In the last European elections, the PNL became the largest, closely followed by the PSD and the liberal coalition of Save Romania Union (USR) and Romania Together. Although the social democratic PSD still gained a nice number of seats – eight in total – it did mean a halving of the number of seats compared to the 2014 elections. Many of those seats went to the USR coalition instead. The entire overview of the 2019 elections can be found below:

Party Number of seats
PNL – Partidul Naţional Liberal (EVP) 10 (27,0%)
PSD – Partidul Social Democrat (S&D) 8 (22,50%)
USR+PLUS – Save Romania Union & Romania Together (RENEW) 8 (22,36%)
Partidul Pro Romania (S&D) 2 (6,44%)
PMP- Partidul Mișcarea Populară (EVP) 2 (5,76%)
UDMR – Romániai Magyar Demokrata Szövetség/Uniunea Democrată Maghiară din România (EVP) 2 (5,26%)
ALDE -Alianța Liberalilor și Democraților 0 (4,11%)
Other parties 0 (6,57%)


The upcoming European elections: What can we expect from Romania?

The European People’s Party (EPP) is expected to lose many Romanian seats in the European elections in June, while the right-wing group of the European Conservatives and Reformists (ECR) will gain more votes from Romanian voters.

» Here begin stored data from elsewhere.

lemma (in primeideal) ring_rad_eq: "ring_rad R I = I"
proof -
  have "x \<in> I" if x: "x \<in> carrier R" and "x [^] n \<in> I" for x and n :: nat
    using that(2)
  proof (induction n)
    case 0
    then show ?case using one_notin by simp
  next
    case (Suc n)
    then have "x [^] n \<in> I \<or> x \<in> I"
      using I_prime[of "x [^] n" x] x by simp
    then show ?case using Suc.IH by blast
  qed
  moreover have "x [^] (1::nat) \<in> I" if "x \<in> I" for x
    using that Icarr by simp
  ultimately show ?thesis
    unfolding ring_rad_def using Icarr by blast
qed

lemma (in ring) exists_ideal_maximal_avoiding:
  assumes "ideal I R" and "I \<inter> S = {}"
  obtains P where "ideal P R" "I \<subseteq> P" "P \<inter> S = {}"
    and "\<And>J. \<lbrakk>ideal J R; P \<subseteq> J; J \<inter> S = {}\<rbrakk> \<Longrightarrow> J = P"
proof -
  let ?\<I> = "{J. ideal J R \<and> I \<subseteq> J \<and> J \<inter> S = {}}"
  have "\<exists>P\<in>?\<I>. \<forall>J\<in>?\<I>. P \<subseteq> J \<longrightarrow> J = P"
  proof (rule subset_Zorn)
    fix C assume C: "subset.chain ?\<I> C"
    show "\<exists>U\<in>?\<I>. \<forall>J\<in>C. J \<subseteq> U"
    proof (cases "C = {}")
      case True
      then show ?thesis using assms by auto
    next
      case False
      have "subset.chain {J. ideal J R} C"
        using C unfolding pred_on.chain_def by auto
      from chain_Union_is_ideal[OF this] have "ideal (\<Union>C) R"
        using False by simp
      moreover have "I \<subseteq> \<Union>C" "\<Union>C \<inter> S = {}"
        using C False unfolding pred_on.chain_def by blast+
      ultimately show ?thesis
        by blast
    qed
  qed
  then show ?thesis
    using that by auto
qed

lemma (in ring) exists_maximalideal:
  assumes "ideal I R" and "\<one> \<notin> I"
  obtains M where "maximalideal M R" "I \<subseteq> M"
proof -
  obtain M where M: "ideal M R" "I \<subseteq> M" "M \<inter> {\<one>} = {}"
    and max: "\<And>J. \<lbrakk>ideal J R; M \<subseteq> J; J \<inter> {\<one>} = {}\<rbrakk> \<Longrightarrow> J = M"
    using exists_ideal_maximal_avoiding[OF assms(1), of "{\<one>}"] assms(2) by blast
  have "maximalideal M R"
  proof (rule maximalidealI[OF M(1)])
    show "carrier R \<noteq> M" using M(3) by auto
    fix J assume J: "ideal J R" "M \<subseteq> J" "J \<subseteq> carrier R"
    show "J = M \<or> J = carrier R"
    proof (cases "\<one> \<in> J")
      case True
      then show ?thesis using ideal.one_imp_carrier[OF J(1)] by simp
    next
      case False
      then show ?thesis using max[OF J(1,2)] by blast
    qed
  qed
  with M(2) show ?thesis using that by simp
qed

According to polls, the AUR could ensure that six of Romania’s 33 seats in the European Parliament go to the ECH. This would also make it the first Romanian seat for that group.

However, the AUR is not the only right-wing party that will participate in the elections. Three Romanian parties – the USR, Forța Dreptei, and the PMP – have decided to form the United Right Alliance together to fight the PSD and the PNL in the European elections. The first eight candidates to appear on the voting ballot have already been announced, including former USR president Dan Barna and former health minister Vlad Voiculescu.

In addition, current MEP Nicolae Ștefănuță will campaign independently for the “green family in Romania” after he quit the Renew group last year and joined the Greens. Ștefănuță believes the current Green party in Romania, Verzii, lacks credibility and is embroiled in an internal power struggle. He hopes to create more space for green politics in Romania, an element that is virtually non-existent today. He wants to do this by focusing on youth and issues that affect them, including unemployment, housing, mental health and climate change. 

What will happen in June, during the European Parliament elections, cannot be predicted at this stage. What is clear is that 2024 is an important year for Romania’s future. With all the elections still to come, the country may take a different path. Whether this will happen, we will see this year, when Romanians, including those living in Moldova, go to the polls.

Sabine Herder has a master’s degree in Crisis and Security Management from Leiden University and is now doing a master’s degree in European Policy at the University of Amsterdam. Before this, she did a bachelor’s degree in Liberal Arts and Sciences with a major in International Relations.